Emotions when consenting to surgery

Agreeing to proceed with surgery was accompanied by emotions of fear, obligation, guilt and relief. Most parents reported feelings of fear and worry in relation to the potential for complications, pain and also for their daughter’s life. “It was fear of the unknown when you haven’t been through anything like that yourself and then having to put your child through something like that”.

Feelings of having no other choice but surgery were described by approximately two thirds consequent to the progressive nature of the curve and its detrimental effects on the daughter’s function and health. “It was becoming life threatening to leave her as she was, it was one evil or the other and one had more chance of success than leaving her”. A minority of mothers were less clear on the need for surgery but agreed with their doctor’s advice. “It wasn’t something we wanted, the doctor said it was getting bad and that she needed to do it”.

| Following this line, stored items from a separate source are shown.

lemma folded_via_column:
  "anti_symmetric_quiver n B \<Longrightarrow> folded B i j = B (- int j) (int i) - B (int j) (int i)"
  unfolding folded_def
  by (metis anti_symmetric_quiver_flip anti_symmetric_quiver_skew minus_minus uminus_add_conv_diff add.commute)

lemma folded_self: "anti_symmetric_quiver n B \<Longrightarrow> folded B i i = 0"
  using anti_symmetric_quiver_skew[of n B "int i" "int i"] anti_symmetric_quiver_tilde[of n B "- int i"]
  by (simp add: folded_def)

definition no_path_through :: "nat \<Rightarrow> (int \<Rightarrow> int \<Rightarrow> int) \<Rightarrow> nat \<Rightarrow> bool" where
  "no_path_through n B i \<longleftrightarrow> (\<forall>a\<in>vertices n. \<not> (B a (int i) > 0 \<and> B (int i) (- a) > 0))"

lemma no_path_through_same_sign:
  assumes anti: "anti_symmetric_quiver n B" and "no_path_through n B i" and l: "l \<in> {1..n}"
  shows "0 \<le> B (int l) (int i) * B (- int l) (int i)"
proof -
  have "int l \<in> vertices n" "- int l \<in> vertices n"
    using l by (auto simp: vertices_def)
  with assms(2) have "\<not> (B (int l) (int i) > 0 \<and> B (int i) (- int l) > 0)"
    "\<not> (B (- int l) (int i) > 0 \<and> B (int i) (int l) > 0)"
    unfolding no_path_through_def by (metis minus_minus)+
  then show ?thesis
    using anti_symmetric_quiver_skew[OF anti, of "int i"] by (auto simp: zero_le_mult_iff)
qed

lemma folded_transpose_ne_0:
  assumes anti: "anti_symmetric_quiver n B" and "no_path_through n B i" "j \<in> {1..n}"
    and "folded B i j \<noteq> 0"
  shows "folded B j i \<noteq> 0"
proof -
  let ?s = "B (int j) (int i)" and ?t = "B (- int j) (int i)"
  have "0 \<le> ?s * ?t"
    by (rule no_path_through_same_sign[OF assms(1-3)])
  moreover have "folded B i j = ?t - ?s"
    by (rule folded_via_column[OF anti])
  moreover have "folded B j i = ?s + ?t"
    by (simp add: folded_def)
  ultimately show ?thesis
    using assms(4) by (auto simp: zero_le_mult_iff)
qed

lemma folded_mut_mut:
  assumes anti: "anti_symmetric_quiver n B" and np: "no_path_through n B i" and "i \<in> {1..n}"
    and l: "l \<in> {1..n}" and j: "j \<in> {1..n}" and "l \<noteq> i" "j \<noteq> i"
  shows "folded (mut (int i) (mut (- int i) B)) l j
           = folded B l j + folded B i j *
               (if 0 < folded B j i then max (- folded B l i) 0 else max (folded B l i) 0)"
proof -
  define p q s t where "p = B (int l) (int i)" and "q = B (- int l) (int i)"
    and "s = B (int j) (int i)" and "t = B (- int j) (int i)"
  let ?B1 = "mut (- int i) B"
  have ne: "int l \<noteq> int i" "- int l \<noteq> int i" "int j \<noteq> int i" "int l \<noteq> - int i"
    "- int l \<noteq> - int i" "int j \<noteq> - int i" "int i \<noteq> - int i"
    using assms(3-7) by auto
  have tilde: "B (- int i) (int i) = 0" "B (int i) (- int i) = 0"
    using anti_symmetric_quiver_tilde[OF anti, of "- int i"] anti_symmetric_quiver_tilde[OF anti, of "int i"]
    by simp_all
  have flips: "B (int l) (- int i) = - q" "B (- int l) (- int i) = - p" "B (- int i) (int j) = t"
    "B (int i) (int j) = - s"
    using anti_symmetric_quiver_flip[OF anti, of "int l" "- int i"]
      anti_symmetric_quiver_flip[OF anti, of "- int l" "- int i"]
      anti_symmetric_quiver_flip[OF anti, of "- int i" "int j"]
      anti_symmetric_quiver_skew[OF anti, of "int i" "- int l"]
      anti_symmetric_quiver_skew[OF anti, of "int i" "int l"]
      anti_symmetric_quiver_skew[OF anti, of "int i" "int j"]
    by (simp_all add: p_def q_def s_def t_def)
  have B1: "?B1 (int l) (int i) = p" "?B1 (- int l) (int i) = q" "?B1 (int i) (int j) = - s"
    "?B1 (int l) (int j) = B (int l) (int j) + mut_correction (- q) t"
    "?B1 (- int l) (int j) = B (- int l) (int j) + mut_correction (- p) t"
    using ne by (simp_all add: mut_away tilde flips p_def q_def)
  have "folded (mut (int i) ?B1) l j
      = folded B l j + (mut_correction p (- s) + mut_correction q (- s)
                        + mut_correction (- p) t + mut_correction (- q) t)"
    using ne by (simp add: folded_def mut_away B1)
  also have "\<dots> = folded B l j + (t - s) * (if 0 < s + t then max (- (p + q)) 0 else max (p + q) 0)"
    using no_path_through_same_sign[OF anti np l] no_path_through_same_sign[OF anti np j]
    by (simp add: mut_correction_sum p_def q_def s_def t_def)
  also have "\<dots> = folded B l j + folded B i j *
               (if 0 < folded B j i then max (- folded B l i) 0 else max (folded B l i) 0)"
    using folded_via_column[OF anti, of i j] by (simp add: folded_def p_def q_def s_def t_def)
  finally show ?thesis .
qed

lemma folded_mut_mut_source:
  assumes anti: "anti_symmetric_quiver n B" and "i \<in> {1..n}" "j \<noteq> i"
  shows "folded (mut (int i) (mut (- int i) B)) i j = - folded B i j"
  using assms anti_symmetric_quiver_tilde[OF anti, of "- int i"] anti_symmetric_quiver_tilde[OF anti, of "int i"]
  by (simp add: folded_def mut_def)

lemma folded_mut_mut_target:
  assumes anti: "anti_symmetric_quiver n B" and "i \<in> {1..n}"
  shows "folded (mut (int i) (mut (- int i) B)) l i = - folded B l i"
  using assms anti_symmetric_quiver_tilde[OF anti, of "- int i"] anti_symmetric_quiver_tilde[OF anti, of "int i"]
  by (cases "l = i") (auto simp: folded_def mut_def)

lemma FQ_mut_mut_eq:
  assumes anti: "anti_symmetric_quiver n B" and np: "no_path_through n B i" and i: "i \<in> {1..n}"
    and j: "j \<in> {1..n}" and zero: "folded B i j = 0"
  shows "FQ n (mut (int i) (mut (- int i) B)) j = FQ n B j"
proof (cases "j = i")
  case True
  have "pos_exps n (mut (int i) (mut (- int i) B)) i = neg_exps n B i"
    "neg_exps n (mut (int i) (mut (- int i) B)) i = pos_exps n B i"
    by (auto intro!: exps_cong simp: folded_mut_mut_target[OF anti i])
  then show ?thesis
    unfolding FQ_eq_binomial True by (simp add: add.commute)
next
  case False
  have "folded (mut (int i) (mut (- int i) B)) l j = folded B l j" if "l \<in> {1..n}" for l
    using folded_mut_mut[OF anti np i that j _ False] folded_mut_mut_source[OF anti i False] zero
    by (cases "l = i") simp_all
  then have "pos_exps n (mut (int i) (mut (- int i) B)) j = pos_exps n B j"
    "neg_exps n (mut (int i) (mut (- int i) B)) j = neg_exps n B j"
    by (auto intro!: exps_cong)
  then show ?thesis
    unfolding FQ_eq_binomial by simp
qed

lemma subst_0_FQ:
  assumes "j \<in> {1..n}" "folded B j i \<noteq> 0"
  shows "subst j 0 (FQ n B i) = lmono (if 0 < folded B j i then neg_exps n B i else pos_exps n B i)"
proof (cases "0 < folded B j i")
  case True
  then show ?thesis
    using assms unfolding FQ_eq_binomial by (simp add: subst_0_binomial lookup_exps)
next
  case False
  then show ?thesis
    using assms unfolding FQ_eq_binomial add.commute[of "lmono (pos_exps n B i)"]
    by (simp add: subst_0_binomial lookup_exps)
qed

lemma lp_mut_exch_if_specialisation_monomial:
  assumes "involves i (F j)" and S: "subst j 0 (hatF n F i) = lmono e"
    and "P = lmono m * subst i (lmono e * Xinv i) (F j)" "is_poly n P" "\<forall>l\<in>{1..n}. \<not> poly_dvd n (X l) P"
  shows "lp_mut_exch n F i j P"
proof -
  have no_irreducible_dvd: "\<not> (irreducible p \<and> p dvd lmono a)" for p a
    using lmono_dvd_1[of a] irreducible_not_unit dvd_trans by blast
  let ?G = "subst i (lmono e * Xinv i) (F j)"
  have "\<exists>H K M. ?G = K * H \<and> (\<forall>p. irreducible p \<and> p dvd K \<longrightarrow> p dvd lmono e) \<and>
      (\<forall>p. irreducible p \<and> p dvd H \<longrightarrow> \<not> p dvd lmono e) \<and>
      monic_laurent_monomial M \<and> P = M * H \<and> is_poly n P \<and> (\<forall>l\<in>{1..n}. \<not> poly_dvd n (X l) P)"
    using assms(3-5) no_irreducible_dvd[of _ e] no_irreducible_dvd[of _ 0]
    by (intro exI[of _ ?G] exI[of _ 1] exI[of _ "lmono m"])
      (auto simp: lmono_0 monic_laurent_monomial_def lmono_def)
  then show ?thesis
    unfolding lp_mut_exch_def Let_def S using assms(1) by simp
qed

lemma pos_minus_neg_exps_mut_mut:
  assumes anti: "anti_symmetric_quiver n B" and np: "no_path_through n B i" and i: "i \<in> {1..n}"
    and j: "j \<in> {1..n}" and ji: "j \<noteq> i"
    and lookup_d: "\<And>l. Poly_Mapping.lookup d l = (if l = i then -1 else if l \<in> {1..n} then
      (if 0 < folded B j i then max (- folded B l i) 0 else max (folded B l i) 0) else 0)"
  shows "pos_exps n (mut (int i) (mut (- int i) B)) j - neg_exps n (mut (int i) (mut (- int i) B)) j
    = (Poly_Mapping.update i 0 (pos_exps n B j) + of_nat (nat (folded B i j)) * d)
      - (Poly_Mapping.update i 0 (neg_exps n B j) + of_nat (nat (- folded B i j)) * d)"
    (is "?lhs = ?g1 - ?g2")
proof (rule poly_mapping_eqI)
  fix l
  have lookup_g: "Poly_Mapping.lookup (?g1 - ?g2) l
      = (if l = i then 0 else Poly_Mapping.lookup (pos_exps n B j - neg_exps n B j) l)
        + folded B i j * Poly_Mapping.lookup d l"
    by (simp add: lookup_minus lookup_add lookup_update lookup_of_nat_mult flip: left_diff_distrib)
  consider "l \<notin> {1..n}" | "l = i" | "l \<in> {1..n}" "l \<noteq> i"
    using i by blast
  then show "Poly_Mapping.lookup ?lhs l = Poly_Mapping.lookup (?g1 - ?g2) l"
  proof cases
    case 1
    then show ?thesis
      using i unfolding lookup_pos_minus_neg_exps lookup_g lookup_d by auto
  next
    case 2
    then show ?thesis
      using i folded_mut_mut_source[OF anti i ji]
      unfolding lookup_pos_minus_neg_exps lookup_g lookup_d by simp
  next
    case 3
    then show ?thesis
      using folded_mut_mut[OF anti np i _ j _ ji] unfolding lookup_pos_minus_neg_exps lookup_g lookup_d
      by simp
  qed
qed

Slightly fewer than half felt relief or happiness once their decision to choose surgery was made. Families were hopeful and confident that surgery would reverse the detrimental effects scoliosis and prevent future complications. “Once we had decided it was kind of a relief. It is the beforehand when you don’t know what you are going to do that is stressful.” Some described feelings of guilt at deciding on surgery on their daughter’s behalf, putting their daughter through a high-risk procedure and inevitably causing her to experience a period of discomfort and suboptimal health. “We were making a decision on her behalf, it wasn’t her decision, she hadn’t been consulted”.

Family challenges during recovery

Families made arrangements to adjust work patterns and maintain family routines during the hospital stay, with a longer hospital stay associated with greater feelings of frustration and exhaustion. “Being in hospital was stressful for everybody. My mum had to come and live with my boys and I was in hospital 24/7”. Post-operative complications (Table 1) were stressful for parents. More severe complications required a prolonged hospital stay that was associated with emotional turmoil for the whole family. “Because we were there for so long, it had a really stressful impact on the family”. For some, a prolonged hospital stay proved beneficial in allowing additional practice with handling and transfer skills in a supervised environment, more time to organise home equipment and support services, and reduced concerns regarding wound management.

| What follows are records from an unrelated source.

lemma quad_exponent_subadditive:
  assumes "Y\<^sub>1 > 0" "Y\<^sub>2 > 0"
  shows "quad_exponent d m (T\<^sub>1 + T\<^sub>2) (Y\<^sub>1 + Y\<^sub>2) \<le> quad_exponent d m T\<^sub>1 Y\<^sub>1 + quad_exponent d m T\<^sub>2 Y\<^sub>2"
proof -
  let ?Y = "Y\<^sub>1 + Y\<^sub>2"
  have "?Y / Y\<^sub>1 * Y\<^sub>1 = ?Y" "?Y / Y\<^sub>2 * Y\<^sub>2 = ?Y" "?Y > 0"
    using assms by simp_all
  moreover have "quad_exponent d m (T\<^sub>1 + T\<^sub>2) ?Y
      \<le> (?Y / Y\<^sub>1 * Y\<^sub>1 * quad_exponent d m T\<^sub>1 Y\<^sub>1 + ?Y / Y\<^sub>2 * Y\<^sub>2 * quad_exponent d m T\<^sub>2 Y\<^sub>2) / ?Y"
    using assms by (intro quad_exponent_add_le) (auto simp flip: add_divide_distrib)
  ultimately show ?thesis
    by (simp only:) (simp flip: distrib_left)
qed

context
  fixes K d m a b T\<^sub>1 T\<^sub>2 Y\<^sub>1 Y\<^sub>2 :: real
  assumes a_pos: "0 < a" and a_less_b: "a < b"
    and T_pos: "T\<^sub>1 > 0" "T\<^sub>2 > 0" and Y_pos: "Y\<^sub>1 > 0" "Y\<^sub>2 > 0"
begin

lemma log_rho_interpolation:
  "log_rho K d m b T\<^sub>1 Y\<^sub>1 + log_rho K d m a T\<^sub>2 Y\<^sub>2
    = \<theta> * log_rho K d m (b - a) T\<^sub>1 Y\<^sub>1 + (1 - \<theta>) * log_rho K d m a T\<^sub>2 Y\<^sub>2
      + log_rho K d m a (T\<^sub>1 + T\<^sub>2) (Y\<^sub>1 + Y\<^sub>2)
      + (\<theta>/2 * ln (b / (b - a)) + (1 - \<theta>)/2 * ln (b / a))
      + ((1 - \<theta>) * ln T\<^sub>1 + \<theta> * ln T\<^sub>2 - ln (T\<^sub>1 + T\<^sub>2))
      + 3/2 * ((1 - \<theta>) * ln ((Y\<^sub>1 + Y\<^sub>2) / Y\<^sub>1) + \<theta> * ln ((Y\<^sub>1 + Y\<^sub>2) / Y\<^sub>2))
      + (a * quad_exponent d m (T\<^sub>1 + T\<^sub>2) (Y\<^sub>1 + Y\<^sub>2)
         - (b - \<theta> * (b - a)) * quad_exponent d m T\<^sub>1 Y\<^sub>1 - \<theta> * a * quad_exponent d m T\<^sub>2 Y\<^sub>2)"
  using a_pos a_less_b Y_pos by (simp add: log_rho_def ln_divide_pos field_simps)

lemma conjugate_weights: "1 / (b / a) + 1 / (b / (b - a)) = 1"
  using a_pos a_less_b by (simp add: field_simps)

lemma log_rho_bound_large_Y2:
  assumes "Y\<^sub>1 + Y\<^sub>2 \<le> max (b / (b - a)) (b / a) * Y\<^sub>2"
  shows "log_rho K d m b T\<^sub>1 Y\<^sub>1 + log_rho K d m a T\<^sub>2 Y\<^sub>2
    \<le> 3/2 * ln (b / (b - a)) + 3/2 * ln (max (b / (b - a)) (b / a))
      + log_rho K d m (b - a) T\<^sub>1 Y\<^sub>1 + log_rho K d m a (T\<^sub>1 + T\<^sub>2) (Y\<^sub>1 + Y\<^sub>2)"
proof -
  let ?Y = "Y\<^sub>1 + Y\<^sub>2"
  have "ln (b / (b - a)) \<ge> 0"
    using a_pos a_less_b by simp
  have "ln T\<^sub>2 \<le> ln (T\<^sub>1 + T\<^sub>2)"
    using T_pos by simp
  have "ln (?Y / Y\<^sub>2) \<le> ln (max (b / (b - a)) (b / a))"
    using assms Y_pos by (intro ln_mono) (simp_all add: pos_divide_le_eq)
  have "a * quad_exponent d m (T\<^sub>1 + T\<^sub>2) ?Y
      \<le> a * quad_exponent d m T\<^sub>1 Y\<^sub>1 + a * quad_exponent d m T\<^sub>2 Y\<^sub>2"
    using quad_exponent_subadditive[OF Y_pos, of d m T\<^sub>1 T\<^sub>2] a_pos by (simp flip: distrib_left)
  then show ?thesis
    using log_rho_interpolation[of 1] \<open>ln (b / (b - a)) \<ge> 0\<close> \<open>ln T\<^sub>2 \<le> ln (T\<^sub>1 + T\<^sub>2)\<close>
      \<open>ln (?Y / Y\<^sub>2) \<le> ln (max (b / (b - a)) (b / a))\<close>
    by simp
qed

lemma quad_exponent_interpolation:
  assumes \<theta>_def: "\<theta> = b / (b - a) * Y\<^sub>2 / (Y\<^sub>1 + Y\<^sub>2)"
  shows "a * quad_exponent d m (T\<^sub>1 + T\<^sub>2) (Y\<^sub>1 + Y\<^sub>2)
    \<le> (b - \<theta> * (b - a)) * quad_exponent d m T\<^sub>1 Y\<^sub>1 + \<theta> * a * quad_exponent d m T\<^sub>2 Y\<^sub>2"
proof -
  define Y where "Y = Y\<^sub>1 + Y\<^sub>2"
  have "Y > 0" using Y_pos by (simp add: Y_def)
  have "a * quad_exponent d m (T\<^sub>1 + T\<^sub>2) Y
      \<le> a * ((b / a * Y\<^sub>1 * quad_exponent d m T\<^sub>1 Y\<^sub>1 + b / (b - a) * Y\<^sub>2 * quad_exponent d m T\<^sub>2 Y\<^sub>2) / Y)"
    unfolding Y_def using a_pos a_less_b Y_pos conjugate_weights
    by (intro mult_left_mono quad_exponent_add_le) auto
  also have "\<dots> = b * Y\<^sub>1 / Y * quad_exponent d m T\<^sub>1 Y\<^sub>1
      + a * b * Y\<^sub>2 / ((b - a) * Y) * quad_exponent d m T\<^sub>2 Y\<^sub>2"
    using a_pos by (simp add: add_divide_distrib distrib_left)
  also have "b * Y\<^sub>1 / Y = b - \<theta> * (b - a)"
  proof -
    have "\<theta> * (b - a) = b * Y\<^sub>2 / Y"
      using a_less_b by (simp add: \<theta>_def Y_def)
    with \<open>Y > 0\<close> show ?thesis
      by (simp add: field_simps) (simp add: Y_def algebra_simps)
  qed
  also have "a * b * Y\<^sub>2 / ((b - a) * Y) = \<theta> * a"
    by (simp add: \<theta>_def Y_def)
  finally show ?thesis
    unfolding Y_def .
qed

context
  fixes \<theta> :: real
  assumes small_Y2: "max (b / (b - a)) (b / a) * Y\<^sub>2 < Y\<^sub>1 + Y\<^sub>2"
    and \<theta>_def: "\<theta> = b / (b - a) * Y\<^sub>2 / (Y\<^sub>1 + Y\<^sub>2)"
begin

lemma small_Y2_weight: "0 < \<theta>" "\<theta> < 1" "Y\<^sub>1 + Y\<^sub>2 < b / (b - a) * Y\<^sub>1"
proof -
  let ?k = "b / (b - a)" and ?h = "b / a"
  have "?k * Y\<^sub>2 \<le> max ?k ?h * Y\<^sub>2" "?h * Y\<^sub>2 \<le> max ?k ?h * Y\<^sub>2"
    using Y_pos by (intro mult_right_mono; simp)+
  then have "?k * Y\<^sub>2 < Y\<^sub>1 + Y\<^sub>2" "?h * Y\<^sub>2 < Y\<^sub>1 + Y\<^sub>2"
    using small_Y2 by linarith+
  then show "\<theta> < 1" "Y\<^sub>1 + Y\<^sub>2 < ?k * Y\<^sub>1"
    using Y_pos a_pos a_less_b by (simp_all only: \<theta>_def divide_less_eq_1_pos add_pos_pos)
      (simp add: field_simps)
  show "0 < \<theta>"
    using Y_pos a_pos a_less_b by (simp add: \<theta>_def)
qed

lemma space_part_small_Y2:
  "(1 - \<theta>) * ln ((Y\<^sub>1 + Y\<^sub>2) / Y\<^sub>1) + \<theta> * ln ((Y\<^sub>1 + Y\<^sub>2) / Y\<^sub>2)
    \<le> ln (b / (b - a)) + 2/3 * ln (max (b / (b - a)) (b / a))"
proof -
  let ?Y = "Y\<^sub>1 + Y\<^sub>2" and ?k = "b / (b - a)" and ?M = "max (b / (b - a)) (b / a)"
  have "ln (?Y / Y\<^sub>1) \<le> ln ?k"
    using small_Y2_weight(3) Y_pos by (intro ln_mono) (simp_all add: pos_divide_le_eq)
  then have "(1 - \<theta>) * ln (?Y / Y\<^sub>1) \<le> (1 - \<theta>) * ln ?k"
    using small_Y2_weight(2) by (intro mult_left_mono) auto
  moreover have "ln (?Y / Y\<^sub>2) = ln ?k - ln \<theta>"
    using Y_pos a_pos a_less_b by (simp add: \<theta>_def ln_div ln_mult)
  then have "\<theta> * ln (?Y / Y\<^sub>2) = \<theta> * ln ?k - \<theta> * ln \<theta>"
    by (simp add: right_diff_distrib)
  moreover have "2 \<le> ?M"
    using max_conjugate_ge_two conjugate_weights a_pos a_less_b by (simp add: max.commute)
  then have "ln 2 \<le> ln ?M"
    by (intro ln_mono) auto
  then have "- (\<theta> * ln \<theta>) \<le> 2/3 * ln ?M"
    using neg_mult_ln_le_two_thirds_ln_2[OF small_Y2_weight(1)] by linarith
  ultimately show ?thesis
    by (simp add: algebra_simps)
qed

lemma log_rho_bound_small_Y2:
  "log_rho K d m b T\<^sub>1 Y\<^sub>1 + log_rho K d m a T\<^sub>2 Y\<^sub>2
    \<le> 3/2 * ln (b / (b - a)) + 3/2 * ln (max (b / (b - a)) (b / a))
      + max (log_rho K d m (b - a) T\<^sub>1 Y\<^sub>1) (log_rho K d m a T\<^sub>2 Y\<^sub>2)
      + log_rho K d m a (T\<^sub>1 + T\<^sub>2) (Y\<^sub>1 + Y\<^sub>2)"
proof -
  let ?k = "b / (b - a)" and ?h = "b / a"
  let ?M = "max ?k ?h"
  note \<theta> = small_Y2_weight(1,2)
  have "?k > 0" "?h > 0"
    using a_pos a_less_b by simp_all
  then have "ln ?k \<le> ln ?M" "ln ?h \<le> ln ?M"
    by simp_all
  then have c_part: "\<theta>/2 * ln ?k + (1 - \<theta>)/2 * ln ?h \<le> 1/2 * ln ?M"
    using convex_bound_le[of "ln ?k" "ln ?M" "ln ?h" \<theta> "1 - \<theta>"] \<theta> by simp
  have T_part: "(1 - \<theta>) * ln T\<^sub>1 + \<theta> * ln T\<^sub>2 - ln (T\<^sub>1 + T\<^sub>2) \<le> 0"
    using convex_bound_le[of "ln T\<^sub>1" "ln (T\<^sub>1 + T\<^sub>2)" "ln T\<^sub>2" "1 - \<theta>" \<theta>] T_pos \<theta> by simp
  have "3/2 * ((1 - \<theta>) * ln ((Y\<^sub>1 + Y\<^sub>2) / Y\<^sub>1) + \<theta> * ln ((Y\<^sub>1 + Y\<^sub>2) / Y\<^sub>2))
      \<le> 3/2 * (ln ?k + 2/3 * ln ?M)"
    using space_part_small_Y2 by (rule mult_left_mono) simp
  also have "\<dots> = 3/2 * ln ?k + ln ?M"
    by (simp add: algebra_simps)
  moreover have "\<theta> * log_rho K d m (b - a) T\<^sub>1 Y\<^sub>1 + (1 - \<theta>) * log_rho K d m a T\<^sub>2 Y\<^sub>2
      \<le> max (log_rho K d m (b - a) T\<^sub>1 Y\<^sub>1) (log_rho K d m a T\<^sub>2 Y\<^sub>2)"
    using \<theta> by (intro convex_bound_le) auto
  ultimately show ?thesis
    using log_rho_interpolation[of \<theta>] c_part T_part quad_exponent_interpolation[OF \<theta>_def]
    by linarith
qed

end

lemma log_rho_bound:
  "log_rho K d m b T\<^sub>1 Y\<^sub>1 + log_rho K d m a T\<^sub>2 Y\<^sub>2
    \<le> 3/2 * ln (b / (b - a)) + 3/2 * ln (max (b / (b - a)) (b / a))
      + max (log_rho K d m (b - a) T\<^sub>1 Y\<^sub>1) (log_rho K d m a T\<^sub>2 Y\<^sub>2)
      + log_rho K d m a (T\<^sub>1 + T\<^sub>2) (Y\<^sub>1 + Y\<^sub>2)"
proof (cases "Y\<^sub>1 + Y\<^sub>2 \<le> max (b / (b - a)) (b / a) * Y\<^sub>2")
  case True
  then show ?thesis
    using log_rho_bound_large_Y2
      max.cobounded1[of "log_rho K d m (b - a) T\<^sub>1 Y\<^sub>1" "log_rho K d m a T\<^sub>2 Y\<^sub>2"]
    by linarith
next
  case False
  then show ?thesis
    by (intro log_rho_bound_small_Y2[OF _ refl]) simp
qed

end

lemma ln_max_le_lfun:
  fixes a b :: real
  assumes "0 < a" "a < b"
  shows "ln (max (b / (b - a)) (b / a)) \<le> lfun (a / (b - a))"
proof -
  have "1 + a / (b - a) = b / (b - a)" "1 + 1 / (a / (b - a)) = b / a"
    using assms by (simp_all add: field_simps)
  then have "1 + max (a / (b - a)) (1 / (a / (b - a))) = max (b / (b - a)) (b / a)"
    by (simp only: max_add_distrib_right)
  with lfun_ge_ln[of "a / (b - a)"] assms show ?thesis
    by simp
qed

theorem theorem2p2:
  fixes lam delta a b s u t x z y :: real
  assumes "lam \<ge> 0" and "delta > 0" and "0 < a" and "a < b"
    and "s < u" and "u < t" and "x < z" and "z < y"
  shows "rho delta lam b s x u z * rho delta lam a u z t y
    \<le> Dconst a b * max (rho delta lam (b - a) s x u z) (rho delta lam a u z t y)
        * rho delta lam a s x t y"
proof -
  define K where "K = ln ((4*pi) powr (-1/2) * delta)"
  define m where "m = 2 * sqrt lam"
  have rho: "rho delta lam c s' x' t' y' = exp (log_rho K delta m c (t' - s') (y' - x'))"
    if "c > 0" "s' < t'" "x' < y'" for c s' x' t' y'
    using rho_eq_exp_log_rho[OF \<open>delta > 0\<close> that] by (simp add: K_def m_def)
  let ?L\<^sub>1 = "log_rho K delta m b (u - s) (z - x)" and ?L\<^sub>2 = "log_rho K delta m a (t - u) (y - z)"
    and ?P = "log_rho K delta m (b - a) (u - s) (z - x)" and ?R = "log_rho K delta m a (t - s) (y - x)"
    and ?C = "3/2 * ln (b / (b - a)) + 3/2 * lfun (a / (b - a))"
  have "?L\<^sub>1 + ?L\<^sub>2 \<le> ?C + max ?P ?L\<^sub>2 + ?R"
    using log_rho_bound[of a b "u - s" "t - u" "z - x" "y - z" K delta m] ln_max_le_lfun[of a b] assms
    by simp
  then have "exp ?L\<^sub>1 * exp ?L\<^sub>2 \<le> exp ?C * exp (max ?P ?L\<^sub>2) * exp ?R"
    by (simp flip: exp_add)
  moreover have "exp (max ?P ?L\<^sub>2) = max (exp ?P) (exp ?L\<^sub>2)"
    by (simp add: max_def)
  moreover have "Dconst a b = exp ?C"
    using assms by (simp add: Dconst_def powr_def exp_add)
  ultimately show ?thesis
    using assms by (simp add: rho)
qed

end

The provision of information regarding post-discharge management enabled feelings of preparedness and confidence for management at home. “They gave me everything I needed to know. I remember them saying what I needed to do and how I needed to manage her”. Others did not feel adequately informed on post-discharge management in relation to aspects such as equipment adjustment and installation and practising correct handling techniques, and this was associated with anxiety. “Setting up of the wheelchair and what you have to deal with when you get home I thought would all fall in place, I probably didn’t put enough thought into it and they didn’t explain it enough”.

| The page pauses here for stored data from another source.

text \<open>A bound by the increments of \<open>y\<^sub>x\<^sub>+\<^sub>e\<close> valid only from \<open>N\<close> on is extended to all \<open>x\<close>
  by adding a multiple of \<open>y\<^sub>x\<close>, whose increments \<open>p\<^sub>x\<^sub>+\<^sub>1\<close> are positive.\<close>
lemma eventually_le_tail_majorant:
  fixes f :: "nat \<Rightarrow> real"
  assumes c: "c > 0" and ev: "\<And>x. x \<ge> N \<Longrightarrow> f x \<le> c * pz p (int x + 1 + e)"
  shows "\<exists>A\<ge>0. \<forall>x. f x \<le> c * (tail_majorant e A x - tail_majorant e A (Suc x))"
proof -
  define A where "A = (\<Sum>x<N. max 0 (f x) / (c * p (Suc x)))"
  have A: "A \<ge> 0" unfolding A_def using c p_pos by (intro sum_nonneg) (simp add: less_imp_le)
  have "f x \<le> c * (pz p (int x + 1 + e) + A * p (Suc x))" for x
  proof (cases "x < N")
    case True
    have "max 0 (f x) / (c * p (Suc x)) \<le> A"
      unfolding A_def using True c p_pos by (intro member_le_sum) (auto simp: less_imp_le)
    then have "f x \<le> c * (A * p (Suc x))"
      using c p_pos[of "Suc x"] by (simp add: field_simps)
    moreover have "0 \<le> c * pz p (int x + 1 + e)"
      using c pz_nonneg[of "int x + 1 + e"] by simp
    ultimately show ?thesis by (simp add: distrib_left)
  next
    case False
    then have "f x \<le> c * pz p (int x + 1 + e)" using ev by simp
    moreover have "0 \<le> c * (A * p (Suc x))" using c A p_pos[of "Suc x"] by simp
    ultimately show ?thesis by (simp add: distrib_left)
  qed
  then show ?thesis using A by (auto simp: tail_majorant_diff)
qed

Some mothers were full-time carers and did not work but for the majority (17/24), one or both parents took time off work during the inpatient stay and up to eight weeks following discharge to provide their daughter with care. Feeling “isolated” particularly in the first two months following discharge was expressed by parents who took time off work, lacked strong family support or time to themselves for relaxation and recuperation. “I did feel very isolated because I was home for six weeks with not much support…I remember getting very down about it all”.

In these early months, networks of family members and friends were helpful in supporting the provision of care. Without these networks, the emotional and physical impacts of care were increased and greater reliance was placed on formal services. For some families, obtaining help from appropriate services was a challenging task in itself. “It became more stressful trying to get the help and manage the situation than what it was to do it myself”.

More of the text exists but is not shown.